═════ Material provided

lemma Q_symmetric: "transpose Q = Q"
  using spd_symmetric[OF spd_congruence[OF spd_A inj_Z]] invertible_E
  by (simp add: Q_def matrix_transpose_mul symmetric_matrix_inv matrix_mul_assoc)

lemma mult_Q_A_Z: "X ** Q ** A ** Z = X ** Z"
proof -
  have "X ** Q ** A ** Z
      = X ** Z ** (matrix_inv (transpose Z ** A ** Z) ** (transpose Z ** A ** Z))"
    by (simp add: Q_def matrix_mul_assoc)
  then show ?thesis by (simp add: matrix_inv_left[OF invertible_E])
qed

lemma mult_Q_A_Q: "X ** Q ** A ** Q = X ** Q"
proof -
  have "X ** Q ** A ** Q = X ** Q ** A ** Z ** matrix_inv (transpose Z ** A ** Z) ** transpose Z"
    by (simp add: Q_def matrix_mul_assoc)
  also have "\<dots> = X ** Q"
    by (simp add: mult_Q_A_Z) (simp add: Q_def matrix_mul_assoc)
  finally show ?thesis .
qed

lemma PA_eq: "P ** A = A - A ** Q ** A"
  by (simp add: P_def matrix_mul_diff_right matrix_mul_assoc)

lemma transpose_P: "transpose P = mat 1 - Q ** A"
  by (simp add: P_def transpose_diff matrix_transpose_mul A_symmetric Q_symmetric)

lemma PA_symmetric: "transpose (P ** A) = P ** A"
  by (simp add: PA_eq transpose_diff matrix_transpose_mul A_symmetric Q_symmetric matrix_mul_assoc)

lemma PA_mult_Q: "P ** A ** Q = 0"
  by (simp add: PA_eq matrix_mul_diff_right matrix_mul_assoc mult_Q_A_Q)

lemma PA_mult_transpose_P: "P ** A ** transpose P = P ** A"
  by (simp add: PA_eq transpose_P matrix_mul_diff_left matrix_mul_diff_right matrix_mul_assoc
      mult_Q_A_Q)

lemma A_mult_transpose_P: "A ** transpose P = P ** A"
  by (simp add: transpose_P PA_eq matrix_mul_diff_left matrix_mul_assoc)

lemma PA_nonneg: "0 \<le> v \<bullet> ((P ** A) *v v)"
proof -
  have "(transpose P *v v) \<bullet> (A *v (transpose P *v v)) = v \<bullet> (P *v (A *v (transpose P *v v)))"
    by (simp only: inner_matrix_vector_transpose transpose_transpose)
  also have "\<dots> = v \<bullet> ((P ** A) *v v)"
    by (simp only: matrix_vector_mul_assoc matrix_mul_assoc PA_mult_transpose_P)
  finally show ?thesis using spd_nonneg[OF spd_A] by metis
qed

══════════

■ **Task directions**
Reproduce all the records. Keep them exact, please.

■ **Result of this exercise**
lemma Q_symmetric: "transpose Q = Q"
  using spd_symmetric[OF spd_congruence[OF spd_A inj_Z]] invertible_E
  by (simp add: Q_def matrix_transpose_mul symmetric_matrix_inv matrix_mul_assoc)

lemma mult_Q_A_Z: "X ** Q ** A ** Z = X ** Z"
proof -
  have "X ** Q ** A ** Z
      = X ** Z ** (matrix_inv (transpose Z ** A ** Z) ** (transpose Z ** A ** Z))"
    by (simp add: Q_def matrix_mul_assoc)
  then show ?thesis by (simp add: matrix_inv_left[OF invertible_E])
qed

lemma mult_Q_A_Q: "X ** Q ** A ** Q = X ** Q"
proof -
  have "X ** Q ** A ** Q = X ** Q ** A ** Z ** matrix_inv (transpose Z ** A ** Z) ** transpose Z"
    by (simp add: Q_def matrix_mul_assoc)
  also have "\<dots> = X ** Q"
    by (simp add: mult_Q_A_Z) (simp add: Q_def matrix_mul_assoc)
  finally show ?thesis .
qed

lemma PA_eq: "P ** A = A - A ** Q ** A"
  by (simp add: P_def matrix_mul_diff_right matrix_mul_assoc)

lemma transpose_P: "transpose P = mat 1 - Q ** A"
  by (simp add: P_def transpose_diff matrix_transpose_mul A_symmetric Q_symmetric)

lemma PA_symmetric: "transpose (P ** A) = P ** A"
  by (simp add: PA_eq transpose_diff matrix_transpose_mul A_symmetric Q_symmetric matrix_mul_assoc)

lemma PA_mult_Q: "P ** A ** Q = 0"
  by (simp add: PA_eq matrix_mul_diff_right matrix_mul_assoc mult_Q_A_Q)

lemma PA_mult_transpose_P: "P ** A ** transpose P = P ** A"
  by (simp add: PA_eq transpose_P matrix_mul_diff_left matrix_mul_diff_right matrix_mul_assoc
      mult_Q_A_Q)

lemma A_mult_transpose_P: "A ** transpose P = P ** A"
  by (simp add: transpose_P PA_eq matrix_mul_diff_left matrix_mul_assoc)

lemma PA_nonneg: "0 \<le> v \<bullet> ((P ** A) *v v)"
proof -
  have "(transpose P *v v) \<bullet> (A *v (transpose P *v v)) = v \<bullet> (P *v (A *v (transpose P *v v)))"
    by (simp only: inner_matrix_vector_transpose transpose_transpose)
  also have "\<dots> = v \<bullet> ((P ** A) *v v)"
    by (simp only: matrix_vector_mul_assoc matrix_mul_assoc PA_mult_transpose_P)
  finally show ?thesis using spd_nonneg[OF spd_A] by metis
qed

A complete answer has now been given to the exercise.